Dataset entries
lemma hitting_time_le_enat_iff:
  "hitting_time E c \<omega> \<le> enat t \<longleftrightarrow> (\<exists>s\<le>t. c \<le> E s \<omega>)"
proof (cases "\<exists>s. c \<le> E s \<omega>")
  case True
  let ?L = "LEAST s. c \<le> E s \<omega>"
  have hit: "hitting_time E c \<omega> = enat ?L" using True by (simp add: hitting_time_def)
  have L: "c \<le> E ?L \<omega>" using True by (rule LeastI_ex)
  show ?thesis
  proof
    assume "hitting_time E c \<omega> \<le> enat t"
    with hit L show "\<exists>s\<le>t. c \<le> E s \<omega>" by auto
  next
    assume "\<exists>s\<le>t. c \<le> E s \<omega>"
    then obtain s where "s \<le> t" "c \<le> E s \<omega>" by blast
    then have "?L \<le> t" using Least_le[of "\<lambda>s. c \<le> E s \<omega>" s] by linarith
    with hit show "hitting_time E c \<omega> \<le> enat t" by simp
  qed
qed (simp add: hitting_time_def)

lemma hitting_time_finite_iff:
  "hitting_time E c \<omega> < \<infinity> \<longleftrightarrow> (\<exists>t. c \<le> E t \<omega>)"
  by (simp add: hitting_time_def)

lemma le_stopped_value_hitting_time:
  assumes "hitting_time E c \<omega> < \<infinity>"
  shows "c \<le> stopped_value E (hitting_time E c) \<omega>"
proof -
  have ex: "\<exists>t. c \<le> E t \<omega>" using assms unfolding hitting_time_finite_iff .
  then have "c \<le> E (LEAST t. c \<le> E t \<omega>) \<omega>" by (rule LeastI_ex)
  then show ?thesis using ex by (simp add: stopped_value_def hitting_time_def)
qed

==

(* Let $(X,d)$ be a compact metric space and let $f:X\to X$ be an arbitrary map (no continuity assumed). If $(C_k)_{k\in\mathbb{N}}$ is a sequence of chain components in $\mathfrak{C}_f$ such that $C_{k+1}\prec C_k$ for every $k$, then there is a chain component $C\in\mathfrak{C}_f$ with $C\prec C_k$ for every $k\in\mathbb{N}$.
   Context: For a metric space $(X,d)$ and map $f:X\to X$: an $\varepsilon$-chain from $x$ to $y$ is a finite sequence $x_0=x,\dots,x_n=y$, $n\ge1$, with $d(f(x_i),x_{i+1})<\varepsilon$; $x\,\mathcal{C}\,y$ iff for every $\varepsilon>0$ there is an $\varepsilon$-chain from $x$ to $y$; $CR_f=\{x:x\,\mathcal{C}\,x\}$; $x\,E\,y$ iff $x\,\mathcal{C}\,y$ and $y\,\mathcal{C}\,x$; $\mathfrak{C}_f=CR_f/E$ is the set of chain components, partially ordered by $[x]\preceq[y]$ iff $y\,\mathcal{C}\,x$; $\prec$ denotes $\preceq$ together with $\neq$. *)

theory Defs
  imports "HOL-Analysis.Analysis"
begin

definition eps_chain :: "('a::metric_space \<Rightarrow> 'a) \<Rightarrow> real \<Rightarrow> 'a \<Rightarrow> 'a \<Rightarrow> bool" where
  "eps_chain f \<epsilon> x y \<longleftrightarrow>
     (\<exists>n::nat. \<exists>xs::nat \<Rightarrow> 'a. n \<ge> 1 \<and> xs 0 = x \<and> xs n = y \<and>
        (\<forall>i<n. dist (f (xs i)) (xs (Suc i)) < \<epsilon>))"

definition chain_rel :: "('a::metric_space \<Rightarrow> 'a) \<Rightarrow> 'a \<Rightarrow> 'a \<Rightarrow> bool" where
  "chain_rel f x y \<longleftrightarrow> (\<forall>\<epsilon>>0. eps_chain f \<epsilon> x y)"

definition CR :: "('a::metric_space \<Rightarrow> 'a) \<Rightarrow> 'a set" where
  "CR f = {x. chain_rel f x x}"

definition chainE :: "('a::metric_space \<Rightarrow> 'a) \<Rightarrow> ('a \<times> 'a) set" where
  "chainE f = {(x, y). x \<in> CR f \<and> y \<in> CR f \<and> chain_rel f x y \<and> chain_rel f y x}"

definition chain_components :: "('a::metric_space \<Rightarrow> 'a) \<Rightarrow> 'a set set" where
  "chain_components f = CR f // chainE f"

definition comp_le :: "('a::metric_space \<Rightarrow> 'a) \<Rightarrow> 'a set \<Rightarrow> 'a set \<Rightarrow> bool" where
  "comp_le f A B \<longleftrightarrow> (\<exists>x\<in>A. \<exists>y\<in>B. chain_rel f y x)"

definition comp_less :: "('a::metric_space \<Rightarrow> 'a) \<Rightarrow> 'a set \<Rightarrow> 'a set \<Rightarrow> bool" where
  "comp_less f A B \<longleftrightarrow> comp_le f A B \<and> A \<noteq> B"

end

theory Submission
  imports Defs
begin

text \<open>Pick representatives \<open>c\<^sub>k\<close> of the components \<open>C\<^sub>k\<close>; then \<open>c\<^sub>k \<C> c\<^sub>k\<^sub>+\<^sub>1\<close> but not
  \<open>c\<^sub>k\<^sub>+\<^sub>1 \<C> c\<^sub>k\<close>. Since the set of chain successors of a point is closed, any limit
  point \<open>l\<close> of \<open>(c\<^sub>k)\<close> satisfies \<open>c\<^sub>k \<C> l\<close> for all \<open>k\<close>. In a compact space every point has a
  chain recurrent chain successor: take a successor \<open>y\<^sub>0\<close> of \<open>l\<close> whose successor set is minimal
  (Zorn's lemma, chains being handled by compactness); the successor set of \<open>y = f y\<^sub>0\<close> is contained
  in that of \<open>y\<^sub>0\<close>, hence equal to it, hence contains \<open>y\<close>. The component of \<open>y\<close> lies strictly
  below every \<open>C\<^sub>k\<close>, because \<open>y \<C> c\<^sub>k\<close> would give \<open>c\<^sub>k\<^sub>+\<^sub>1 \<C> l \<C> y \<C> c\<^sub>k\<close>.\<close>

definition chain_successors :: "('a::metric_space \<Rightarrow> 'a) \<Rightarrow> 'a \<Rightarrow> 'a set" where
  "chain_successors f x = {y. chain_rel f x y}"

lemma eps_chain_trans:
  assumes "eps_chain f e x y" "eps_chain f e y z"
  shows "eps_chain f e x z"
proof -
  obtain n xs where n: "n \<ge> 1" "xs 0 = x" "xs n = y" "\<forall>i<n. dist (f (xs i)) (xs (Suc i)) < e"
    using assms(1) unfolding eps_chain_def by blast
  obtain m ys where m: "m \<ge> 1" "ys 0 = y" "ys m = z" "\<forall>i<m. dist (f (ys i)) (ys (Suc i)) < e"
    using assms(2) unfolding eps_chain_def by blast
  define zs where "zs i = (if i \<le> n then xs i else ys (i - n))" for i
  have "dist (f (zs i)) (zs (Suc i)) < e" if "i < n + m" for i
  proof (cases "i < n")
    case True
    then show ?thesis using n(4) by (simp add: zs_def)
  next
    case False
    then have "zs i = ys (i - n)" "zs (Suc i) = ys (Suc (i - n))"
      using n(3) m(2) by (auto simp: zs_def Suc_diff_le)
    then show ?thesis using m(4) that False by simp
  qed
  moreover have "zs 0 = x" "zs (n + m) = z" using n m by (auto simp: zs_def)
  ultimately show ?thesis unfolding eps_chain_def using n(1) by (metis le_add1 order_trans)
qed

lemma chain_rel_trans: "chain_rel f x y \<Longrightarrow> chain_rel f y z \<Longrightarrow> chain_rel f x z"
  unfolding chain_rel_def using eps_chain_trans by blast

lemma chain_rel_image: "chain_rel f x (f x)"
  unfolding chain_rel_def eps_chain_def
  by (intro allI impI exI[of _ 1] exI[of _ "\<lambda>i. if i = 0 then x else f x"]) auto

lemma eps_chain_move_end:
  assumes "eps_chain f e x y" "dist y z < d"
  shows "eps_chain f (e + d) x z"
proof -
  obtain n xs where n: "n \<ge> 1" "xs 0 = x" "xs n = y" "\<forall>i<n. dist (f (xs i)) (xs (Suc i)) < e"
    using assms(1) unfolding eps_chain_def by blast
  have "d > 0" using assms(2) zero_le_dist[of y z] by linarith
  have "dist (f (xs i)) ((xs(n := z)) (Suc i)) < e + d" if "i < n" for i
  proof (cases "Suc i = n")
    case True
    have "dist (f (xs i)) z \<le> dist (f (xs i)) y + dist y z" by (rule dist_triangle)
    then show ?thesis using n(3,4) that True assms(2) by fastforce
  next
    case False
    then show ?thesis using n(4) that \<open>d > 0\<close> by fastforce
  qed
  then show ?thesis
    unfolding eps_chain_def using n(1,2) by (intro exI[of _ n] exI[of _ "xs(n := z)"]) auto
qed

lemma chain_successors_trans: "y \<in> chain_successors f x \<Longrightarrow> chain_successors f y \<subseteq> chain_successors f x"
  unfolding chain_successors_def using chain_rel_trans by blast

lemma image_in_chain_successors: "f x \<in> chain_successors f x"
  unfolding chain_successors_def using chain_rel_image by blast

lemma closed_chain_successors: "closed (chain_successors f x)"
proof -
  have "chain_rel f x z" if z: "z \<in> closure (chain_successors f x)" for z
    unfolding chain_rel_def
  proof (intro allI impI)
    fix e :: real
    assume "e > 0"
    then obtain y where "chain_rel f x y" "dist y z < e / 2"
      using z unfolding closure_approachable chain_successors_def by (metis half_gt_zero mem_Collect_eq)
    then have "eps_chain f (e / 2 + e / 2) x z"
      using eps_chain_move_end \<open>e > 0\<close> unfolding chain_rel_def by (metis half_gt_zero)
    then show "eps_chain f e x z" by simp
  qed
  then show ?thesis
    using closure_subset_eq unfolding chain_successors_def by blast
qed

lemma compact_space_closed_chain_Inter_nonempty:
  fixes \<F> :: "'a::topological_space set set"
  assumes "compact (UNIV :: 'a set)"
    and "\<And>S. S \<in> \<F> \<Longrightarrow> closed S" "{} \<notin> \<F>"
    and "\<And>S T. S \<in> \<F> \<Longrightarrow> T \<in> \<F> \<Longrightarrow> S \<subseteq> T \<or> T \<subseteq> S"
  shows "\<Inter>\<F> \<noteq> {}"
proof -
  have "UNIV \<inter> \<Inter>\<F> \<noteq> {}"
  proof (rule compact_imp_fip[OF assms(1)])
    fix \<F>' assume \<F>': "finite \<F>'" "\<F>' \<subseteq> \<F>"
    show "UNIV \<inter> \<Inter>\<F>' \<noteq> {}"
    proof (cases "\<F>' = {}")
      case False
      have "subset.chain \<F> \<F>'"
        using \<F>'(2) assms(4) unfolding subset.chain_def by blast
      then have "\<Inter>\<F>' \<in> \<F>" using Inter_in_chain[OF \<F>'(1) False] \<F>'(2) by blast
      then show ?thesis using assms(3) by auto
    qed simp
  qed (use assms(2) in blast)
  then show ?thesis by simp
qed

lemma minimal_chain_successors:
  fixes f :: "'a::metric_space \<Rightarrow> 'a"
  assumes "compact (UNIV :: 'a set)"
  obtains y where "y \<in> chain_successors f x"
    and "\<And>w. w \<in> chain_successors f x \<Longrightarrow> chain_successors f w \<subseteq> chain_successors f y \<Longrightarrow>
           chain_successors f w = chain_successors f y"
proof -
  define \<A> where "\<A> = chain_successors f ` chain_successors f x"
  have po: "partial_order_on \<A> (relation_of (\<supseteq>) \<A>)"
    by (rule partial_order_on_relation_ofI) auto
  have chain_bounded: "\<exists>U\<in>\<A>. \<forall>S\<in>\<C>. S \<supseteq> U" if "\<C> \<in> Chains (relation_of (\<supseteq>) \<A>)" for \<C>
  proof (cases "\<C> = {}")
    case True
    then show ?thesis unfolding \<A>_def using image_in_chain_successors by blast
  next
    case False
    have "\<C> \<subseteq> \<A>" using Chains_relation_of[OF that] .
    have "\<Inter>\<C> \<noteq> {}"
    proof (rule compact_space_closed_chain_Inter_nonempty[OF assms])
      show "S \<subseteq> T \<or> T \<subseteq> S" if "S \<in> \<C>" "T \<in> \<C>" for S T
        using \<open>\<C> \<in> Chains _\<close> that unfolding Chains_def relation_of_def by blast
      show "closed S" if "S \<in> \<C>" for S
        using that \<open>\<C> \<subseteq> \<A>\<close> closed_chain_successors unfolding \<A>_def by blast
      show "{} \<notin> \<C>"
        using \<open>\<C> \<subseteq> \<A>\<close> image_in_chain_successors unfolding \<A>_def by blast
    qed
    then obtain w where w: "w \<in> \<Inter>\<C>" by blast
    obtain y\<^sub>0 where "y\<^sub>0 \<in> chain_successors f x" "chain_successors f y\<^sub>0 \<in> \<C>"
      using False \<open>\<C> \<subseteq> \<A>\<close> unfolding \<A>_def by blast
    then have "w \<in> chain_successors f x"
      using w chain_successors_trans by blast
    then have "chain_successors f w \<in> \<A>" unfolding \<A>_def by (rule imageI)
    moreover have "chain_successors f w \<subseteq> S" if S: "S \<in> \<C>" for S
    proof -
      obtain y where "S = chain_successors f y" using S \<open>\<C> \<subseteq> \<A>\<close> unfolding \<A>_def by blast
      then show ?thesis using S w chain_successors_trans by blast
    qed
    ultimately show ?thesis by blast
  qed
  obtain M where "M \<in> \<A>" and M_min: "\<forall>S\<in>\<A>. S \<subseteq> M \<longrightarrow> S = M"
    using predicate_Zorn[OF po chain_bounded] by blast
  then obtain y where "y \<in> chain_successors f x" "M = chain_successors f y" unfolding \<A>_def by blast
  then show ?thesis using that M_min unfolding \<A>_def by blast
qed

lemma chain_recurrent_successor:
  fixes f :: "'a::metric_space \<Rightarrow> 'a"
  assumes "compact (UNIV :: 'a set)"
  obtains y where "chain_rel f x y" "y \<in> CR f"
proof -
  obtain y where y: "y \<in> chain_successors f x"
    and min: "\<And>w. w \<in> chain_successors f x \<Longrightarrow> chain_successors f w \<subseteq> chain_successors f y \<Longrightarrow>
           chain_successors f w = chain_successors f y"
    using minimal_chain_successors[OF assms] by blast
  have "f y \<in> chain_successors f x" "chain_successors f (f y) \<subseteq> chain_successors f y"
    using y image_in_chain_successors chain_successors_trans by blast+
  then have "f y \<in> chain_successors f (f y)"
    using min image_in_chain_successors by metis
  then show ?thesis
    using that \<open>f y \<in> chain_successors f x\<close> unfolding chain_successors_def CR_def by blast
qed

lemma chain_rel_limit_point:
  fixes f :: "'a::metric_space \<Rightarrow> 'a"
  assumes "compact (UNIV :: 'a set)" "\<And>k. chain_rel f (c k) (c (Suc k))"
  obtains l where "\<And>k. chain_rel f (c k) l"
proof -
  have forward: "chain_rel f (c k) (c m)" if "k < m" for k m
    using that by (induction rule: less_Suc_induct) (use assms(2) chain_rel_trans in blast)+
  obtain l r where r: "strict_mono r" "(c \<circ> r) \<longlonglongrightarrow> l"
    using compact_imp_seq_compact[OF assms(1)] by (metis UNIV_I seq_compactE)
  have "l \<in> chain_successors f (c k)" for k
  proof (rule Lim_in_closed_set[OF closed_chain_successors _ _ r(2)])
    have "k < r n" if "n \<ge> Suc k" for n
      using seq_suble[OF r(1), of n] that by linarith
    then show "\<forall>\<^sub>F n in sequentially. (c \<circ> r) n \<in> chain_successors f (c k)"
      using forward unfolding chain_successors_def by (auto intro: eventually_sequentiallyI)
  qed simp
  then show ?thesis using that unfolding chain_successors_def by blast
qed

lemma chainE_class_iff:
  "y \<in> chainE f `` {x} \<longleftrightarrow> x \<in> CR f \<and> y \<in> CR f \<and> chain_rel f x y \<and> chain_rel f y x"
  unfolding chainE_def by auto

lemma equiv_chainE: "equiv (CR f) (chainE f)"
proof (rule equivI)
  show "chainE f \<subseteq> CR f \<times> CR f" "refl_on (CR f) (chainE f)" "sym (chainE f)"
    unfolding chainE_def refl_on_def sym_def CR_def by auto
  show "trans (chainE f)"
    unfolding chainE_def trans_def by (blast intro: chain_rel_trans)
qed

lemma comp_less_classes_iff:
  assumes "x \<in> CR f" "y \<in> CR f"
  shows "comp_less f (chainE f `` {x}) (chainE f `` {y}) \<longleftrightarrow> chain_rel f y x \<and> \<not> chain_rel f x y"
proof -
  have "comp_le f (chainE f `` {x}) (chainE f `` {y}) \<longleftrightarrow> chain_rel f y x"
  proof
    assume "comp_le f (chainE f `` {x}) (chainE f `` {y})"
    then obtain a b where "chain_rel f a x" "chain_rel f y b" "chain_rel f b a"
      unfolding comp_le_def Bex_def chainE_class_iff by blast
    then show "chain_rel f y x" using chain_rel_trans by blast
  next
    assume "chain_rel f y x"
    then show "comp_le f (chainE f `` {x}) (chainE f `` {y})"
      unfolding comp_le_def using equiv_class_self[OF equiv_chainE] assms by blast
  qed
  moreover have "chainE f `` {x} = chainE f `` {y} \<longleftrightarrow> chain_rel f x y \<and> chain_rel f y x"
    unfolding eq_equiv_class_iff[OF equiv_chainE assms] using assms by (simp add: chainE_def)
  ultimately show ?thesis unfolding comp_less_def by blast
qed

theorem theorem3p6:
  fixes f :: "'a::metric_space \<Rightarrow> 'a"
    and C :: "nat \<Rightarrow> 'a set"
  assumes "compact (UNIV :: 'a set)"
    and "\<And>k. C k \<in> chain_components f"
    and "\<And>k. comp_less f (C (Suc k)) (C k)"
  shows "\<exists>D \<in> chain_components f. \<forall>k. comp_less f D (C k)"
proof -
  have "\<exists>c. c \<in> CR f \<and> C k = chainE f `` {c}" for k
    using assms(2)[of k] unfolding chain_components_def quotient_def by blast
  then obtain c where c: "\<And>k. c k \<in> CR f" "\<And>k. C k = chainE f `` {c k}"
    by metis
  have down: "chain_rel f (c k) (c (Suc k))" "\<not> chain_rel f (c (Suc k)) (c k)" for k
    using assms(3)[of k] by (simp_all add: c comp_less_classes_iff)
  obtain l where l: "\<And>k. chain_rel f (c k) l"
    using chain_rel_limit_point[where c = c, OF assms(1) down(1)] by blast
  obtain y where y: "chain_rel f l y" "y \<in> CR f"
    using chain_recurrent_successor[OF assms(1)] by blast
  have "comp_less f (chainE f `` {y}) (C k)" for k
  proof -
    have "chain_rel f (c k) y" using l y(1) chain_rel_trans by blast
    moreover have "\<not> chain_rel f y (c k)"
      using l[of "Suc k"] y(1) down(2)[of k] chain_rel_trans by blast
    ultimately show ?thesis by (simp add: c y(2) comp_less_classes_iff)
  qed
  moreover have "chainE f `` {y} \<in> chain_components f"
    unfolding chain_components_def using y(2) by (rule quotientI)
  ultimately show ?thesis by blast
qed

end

---

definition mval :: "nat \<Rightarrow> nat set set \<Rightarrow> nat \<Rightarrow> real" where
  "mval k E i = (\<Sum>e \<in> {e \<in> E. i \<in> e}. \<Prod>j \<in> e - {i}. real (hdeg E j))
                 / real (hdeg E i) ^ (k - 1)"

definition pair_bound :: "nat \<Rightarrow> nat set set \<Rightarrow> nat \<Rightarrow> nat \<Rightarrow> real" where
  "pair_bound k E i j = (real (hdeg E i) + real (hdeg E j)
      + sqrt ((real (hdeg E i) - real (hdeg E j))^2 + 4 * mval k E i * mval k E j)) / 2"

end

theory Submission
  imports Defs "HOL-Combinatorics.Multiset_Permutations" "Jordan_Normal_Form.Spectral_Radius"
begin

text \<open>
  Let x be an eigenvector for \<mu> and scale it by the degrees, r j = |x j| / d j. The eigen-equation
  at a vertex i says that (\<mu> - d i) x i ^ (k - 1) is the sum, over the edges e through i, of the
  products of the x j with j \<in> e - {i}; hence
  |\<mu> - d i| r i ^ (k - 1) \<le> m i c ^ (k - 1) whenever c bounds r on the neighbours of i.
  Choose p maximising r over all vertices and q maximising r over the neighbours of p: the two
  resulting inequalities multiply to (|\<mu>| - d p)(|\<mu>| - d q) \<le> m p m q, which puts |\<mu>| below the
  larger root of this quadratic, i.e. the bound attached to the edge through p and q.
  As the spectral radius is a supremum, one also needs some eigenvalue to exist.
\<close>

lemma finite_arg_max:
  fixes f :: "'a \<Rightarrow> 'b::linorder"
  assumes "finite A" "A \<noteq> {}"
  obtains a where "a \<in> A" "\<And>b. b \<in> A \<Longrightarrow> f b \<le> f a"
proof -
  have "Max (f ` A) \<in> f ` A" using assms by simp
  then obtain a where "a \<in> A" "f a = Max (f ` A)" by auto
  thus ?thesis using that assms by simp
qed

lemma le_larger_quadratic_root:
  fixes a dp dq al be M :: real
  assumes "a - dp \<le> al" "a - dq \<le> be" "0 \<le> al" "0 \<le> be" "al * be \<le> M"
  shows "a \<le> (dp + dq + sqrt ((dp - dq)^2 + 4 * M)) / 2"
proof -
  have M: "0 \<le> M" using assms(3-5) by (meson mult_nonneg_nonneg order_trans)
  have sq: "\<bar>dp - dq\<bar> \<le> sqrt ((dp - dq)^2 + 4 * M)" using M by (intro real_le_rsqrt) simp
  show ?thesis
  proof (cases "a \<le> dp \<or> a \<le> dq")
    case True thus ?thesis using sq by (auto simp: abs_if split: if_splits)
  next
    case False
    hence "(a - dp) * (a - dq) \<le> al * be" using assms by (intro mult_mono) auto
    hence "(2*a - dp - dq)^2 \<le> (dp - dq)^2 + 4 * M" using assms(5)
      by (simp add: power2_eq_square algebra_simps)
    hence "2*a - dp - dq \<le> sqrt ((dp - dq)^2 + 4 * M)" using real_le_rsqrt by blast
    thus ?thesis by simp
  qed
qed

Problem details: Please copy the lines in the records above between the one holding "real \<Rightarrow> 'a" and the one holding "(\<forall>i<n. dist (f", inclusive, exactly and with no other line.

Result for this exercise:
definition eps_chain :: "('a::metric_space \<Rightarrow> 'a) \<Rightarrow> real \<Rightarrow> 'a \<Rightarrow> 'a \<Rightarrow> bool" where
  "eps_chain f \<epsilon> x y \<longleftrightarrow>
     (\<exists>n::nat. \<exists>xs::nat \<Rightarrow> 'a. n \<ge> 1 \<and> xs 0 = x \<and> xs n = y \<and>
        (\<forall>i<n. dist (f (xs i)) (xs (Suc i)) < \<epsilon>))"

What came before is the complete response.